Spatio-temporal Bayesian inference drives environmental and health sciences using latent Gaussian models. Integrated Nested Laplace Approximations (INLA) enable inference for these models at HPC scale but rely on derivative-based optimization over $d$ hyperparameters. State-of-the-art INLA implementations approximate derivatives via central finite differences (FD), requiring $2d{+}1$ evaluations. These evaluations are embarrassingly parallel, but total work and energy grow with $d$, limiting time-to-solution under fixed budgets. Reverse-mode automatic differentiation (AD) computes exact gradients independently of $d$, but its efficient application to INLA's structured-sparse kernels is an open challenge. We present ADELIA, the first AD-enabled INLA implementation with a structure-exploiting multi-GPU backward pass leveraging model sparsity. We evaluate ADELIA on ten benchmark models, including real-world air-pollution monitoring. We achieve $4.2$--$7.9\times$ per-gradient speedups and reliable convergence on production-scale models with up to 1.9M latent variables, where FD struggles. Even when scaled to 16--32 GPUs to match ADELIA's wall-clock time, FD consumes $5$--$8\times$ more energy.
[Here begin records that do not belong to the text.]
lemma holomorphic2_on_diff_quotient2:
  assumes f: "holomorphic2_on f S" and b: "b \<noteq> 0"
  shows "holomorphic2_on (diff_quotient2 f b) (S \<inter> (\<lambda>p. (fst p, snd p + b)) -` S)"
proof -
  let ?T = "(\<lambda>p. (fst p, snd p + b)) -` S"
  have "open (S \<inter> ?T)"
    using holomorphic2_onD(1)[OF f] holomorphic2_onD(1)[OF holomorphic2_on_shift2[OF f]] by blast
  then show ?thesis
    unfolding diff_quotient2_def[abs_def] using b
    by (intro holomorphic2_on_divide holomorphic2_on_diff holomorphic2_on_const
        holomorphic2_on_subset[OF holomorphic2_on_shift2[OF f]] holomorphic2_on_subset[OF f]) auto
qed

lemma eventually_holomorphic2_on_diff_quotient2:
  assumes f: "holomorphic2_on f S" and r: "r > 0" and sub: "cball z1 (2*r) \<times> cball w1 (2*r) \<subseteq> S"
  shows "\<forall>\<^sub>F b in at 0. holomorphic2_on (diff_quotient2 f b) (ball z1 (2*r) \<times> ball w1 (3*r/2))"
  unfolding eventually_at
proof (intro exI[of _ "r/2"] conjI allI impI ballI)
  define N where "N = ball z1 (2*r) \<times> ball w1 (3*r/2)"
  show "r/2 > 0" using r by simp
  fix b :: complex assume b: "b \<noteq> 0 \<and> dist b 0 < r/2"
  have "N \<subseteq> S \<inter> (\<lambda>p. (fst p, snd p + b)) -` S"
  proof
    fix p assume p: "p \<in> N"
    have "dist w1 (snd p + b) \<le> dist w1 (snd p) + norm b"
      by (metis add_diff_cancel_left' dist_norm dist_triangle2 dist_commute)
    then have "p \<in> cball z1 (2*r) \<times> cball w1 (2*r)"
      "(fst p, snd p + b) \<in> cball z1 (2*r) \<times> cball w1 (2*r)"
      using p b r by (auto simp: N_def mem_Times_iff)
    then show "p \<in> S \<inter> (\<lambda>p. (fst p, snd p + b)) -` S" using sub by auto
  qed
  moreover have "open N" by (simp add: N_def open_Times)
  ultimately show "holomorphic2_on (diff_quotient2 f b) (ball z1 (2*r) \<times> ball w1 (3*r/2))"
    using holomorphic2_on_diff_quotient2[OF f] b holomorphic2_on_subset unfolding N_def by blast
qed

lemma deriv2_isCont_and_differentiable1:
  assumes f: "holomorphic2_on f S" and p: "(z1, w1) \<in> S"
  shows "isCont (deriv2 f) (z1, w1)" "(\<lambda>z. deriv2 f (z, w1)) field_differentiable at z1"
proof -
  obtain r M where r: "r > 0" "M > 0" and sub: "cball z1 (2*r) \<times> cball w1 (2*r) \<subseteq> S"
    and M: "\<And>z w. z \<in> cball z1 (2*r) \<Longrightarrow> w \<in> cball w1 (2*r) \<Longrightarrow> norm (f (z, w)) \<le> M"
    using holomorphic2_on_bounded_near[OF f p] by blast
  define N where "N = ball z1 (2*r) \<times> ball w1 (3*r/2)"
  define K where "K = cball z1 r \<times> cball w1 r"
  have KN: "K \<subseteq> N" and slice_N: "ball z1 (2*r) \<times> {w1} \<subseteq> N" using r by (auto simp: K_def N_def)
  have ul: "uniform_limit K (diff_quotient2 f) (deriv2 f) (at 0)"
    unfolding K_def by (rule uniform_limit_diff_quotient2[OF f r sub M])
  have ev_hol: "\<forall>\<^sub>F b in at 0. holomorphic2_on (diff_quotient2 f b) N"
    unfolding N_def by (rule eventually_holomorphic2_on_diff_quotient2[OF f r(1) sub])
  have "continuous_on K (deriv2 f)"
    by (rule uniform_limit_theorem[OF eventually_mono[OF ev_hol] ul])
      (use KN in \<open>auto dest: holomorphic2_onD(2) intro: continuous_on_subset\<close>)
  moreover have "(z1, w1) \<in> interior K"
    using interior_mono[of "ball z1 r \<times> ball w1 r" K] r
    by (auto simp: K_def interior_Times)
  ultimately show "isCont (deriv2 f) (z1, w1)" using continuous_on_interior by blast
  have "\<forall>\<^sub>F b in at 0. continuous_on (cball z1 r) (\<lambda>z. diff_quotient2 f b (z, w1))
          \<and> (\<lambda>z. diff_quotient2 f b (z, w1)) holomorphic_on ball z1 r"
  proof (rule eventually_mono[OF ev_hol])
    fix b assume "holomorphic2_on (diff_quotient2 f b) N"
    then have "(\<lambda>z. diff_quotient2 f b (z, w1)) holomorphic_on ball z1 (2*r)"
      using slice_N holomorphic_on_slice1 by blast
    moreover have "cball z1 r \<subseteq> ball z1 (2*r)" using r by (auto simp: subset_eq)
    ultimately show "continuous_on (cball z1 r) (\<lambda>z. diff_quotient2 f b (z, w1))
          \<and> (\<lambda>z. diff_quotient2 f b (z, w1)) holomorphic_on ball z1 r"
      by (meson ball_subset_cball holomorphic_on_imp_continuous_on holomorphic_on_subset subset_trans)
  qed
  moreover have "uniform_limit (cball z1 r) (\<lambda>b z. diff_quotient2 f b (z, w1)) (\<lambda>z. deriv2 f (z, w1)) (at 0)"
    using ul r unfolding uniform_limit_iff K_def by (fastforce elim!: eventually_mono)
  ultimately have "(\<lambda>z. deriv2 f (z, w1)) holomorphic_on ball z1 r"
    by (rule holomorphic_uniform_limit) simp_all
  then show "(\<lambda>z. deriv2 f (z, w1)) field_differentiable at z1"
    using r holomorphic_on_imp_differentiable_at by (metis centre_in_ball open_ball)
qed
lemma p_orth_component_shift_fun:
  assumes orth: "p_orth_component p 1 \<mu> Q" and "1 \<le> p"
    and B: "normal_banded 1 (p - 1) B" and BQ: "\<And>n. mat_act B Q n = [:-C, 1:] * Q' n"
  shows "p_orth_component p p (shift_fun C \<mu>) Q'"
proof -
  have lin: "lin_functional \<mu>" using orth by (simp add: p_orth_component_def)
  have fin: "finite {m. B n m \<noteq> 0}" for n
    using normal_banded_row_finite[OF B] by (simp add: row_finite_def)
  have lower: "n \<le> m + (p - 1)" if "B n m \<noteq> 0" for n m
    using that B by (simp add: normal_banded_def banded_def)
  have expand: "shift_fun C \<mu> (monom 1 k * Q' n) =
      (\<Sum>m\<in>{m. B n m \<noteq> 0}. B n m * \<mu> (monom 1 k * Q m))" for k n
  proof -
    have "[:-C, 1:] * (monom 1 k * Q' n) = monom 1 k * mat_act B Q n"
      by (simp only: BQ mult.left_commute)
    also have "\<dots> = (\<Sum>m\<in>{m. B n m \<noteq> 0}. smult (B n m) (monom 1 k * Q m))"
      by (simp add: mat_act_def sum_distrib_left mult_smult_right)
    finally show ?thesis by (simp add: shift_fun_def lin_functional_sum[OF lin fin])
  qed
  have vanish: "\<mu> (monom 1 k * Q m) = 0" if "k*p < m" for k m
    using orth that by (simp add: p_orth_component_def)
  have "shift_fun C \<mu> (monom 1 k * Q' n) = 0" if "k*p + p \<le> n" for k n
    unfolding expand
  proof (intro sum.neutral ballI)
    fix m assume "m \<in> {m. B n m \<noteq> 0}"
    then have "k*p < m" using lower[of n m] that \<open>1 \<le> p\<close> by auto
    then show "B n m * \<mu> (monom 1 k * Q m) = 0" by (simp add: vanish)
  qed
  moreover have "shift_fun C \<mu> (monom 1 k * Q' (k*p + p - 1)) \<noteq> 0" for k
  proof -
    define n where "n = k*p + p - 1"
    have "n - (p - 1) = k*p" "p - 1 \<le> n" using \<open>1 \<le> p\<close> by (auto simp: n_def)
    then have "B n (k*p) \<noteq> 0" using B unfolding normal_banded_def by metis
    have "shift_fun C \<mu> (monom 1 k * Q' n) = B n (k*p) * \<mu> (monom 1 k * Q (k*p))"
      unfolding expand
    proof (rule sum_eq_single_term)
      fix m assume "m \<in> {m. B n m \<noteq> 0}" "m \<noteq> k*p"
      then have "k*p < m" using lower[of n m] \<open>n - (p - 1) = k*p\<close> by auto
      then show "B n m * \<mu> (monom 1 k * Q m) = 0" by (simp add: vanish)
    qed (use fin \<open>B n (k*p) \<noteq> 0\<close> in auto)
    then show ?thesis
      using \<open>B n (k*p) \<noteq> 0\<close> orth by (simp add: n_def p_orth_component_def)
  qed
  ultimately show ?thesis using lin_functional_shift_fun[OF lin] by (simp add: p_orth_component_def)
qed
翻译：时空贝叶斯推断通过潜在高斯模型驱动环境与健康科学研究。集成嵌套拉普拉斯近似（INLA）方法能在HPC规模下实现此类模型的推断，但其依赖于对$d$个超参数进行基于导数的优化。现有最先进的INLA实现通过中心有限差分（FD）近似导数，需进行$2d{+}1$次评估。这些评估虽属易并行计算，但总计算量与能耗随$d$增长，在固定预算下限制了求解时间。反向模式自动微分（AD）可独立于$d$计算精确梯度，但如何将其高效应用于INLA的结构化稀疏核仍是一个开放挑战。本文提出ADELIA——首个支持自动微分的INLA实现，其具备利用模型稀疏性的结构化多GPU反向传播机制。我们在十个基准模型（包含实际空气污染监测场景）上进行评估。在含有高达190万潜在变量的生产级模型上，ADELIA实现每梯度$4.2$至$7.9$倍的加速比与可靠收敛性，而FD方法在此场景下表现困难。即使将FD扩展至16-32个GPU以匹配ADELIA的壁钟时间，其能耗仍高出$5$至$8$倍。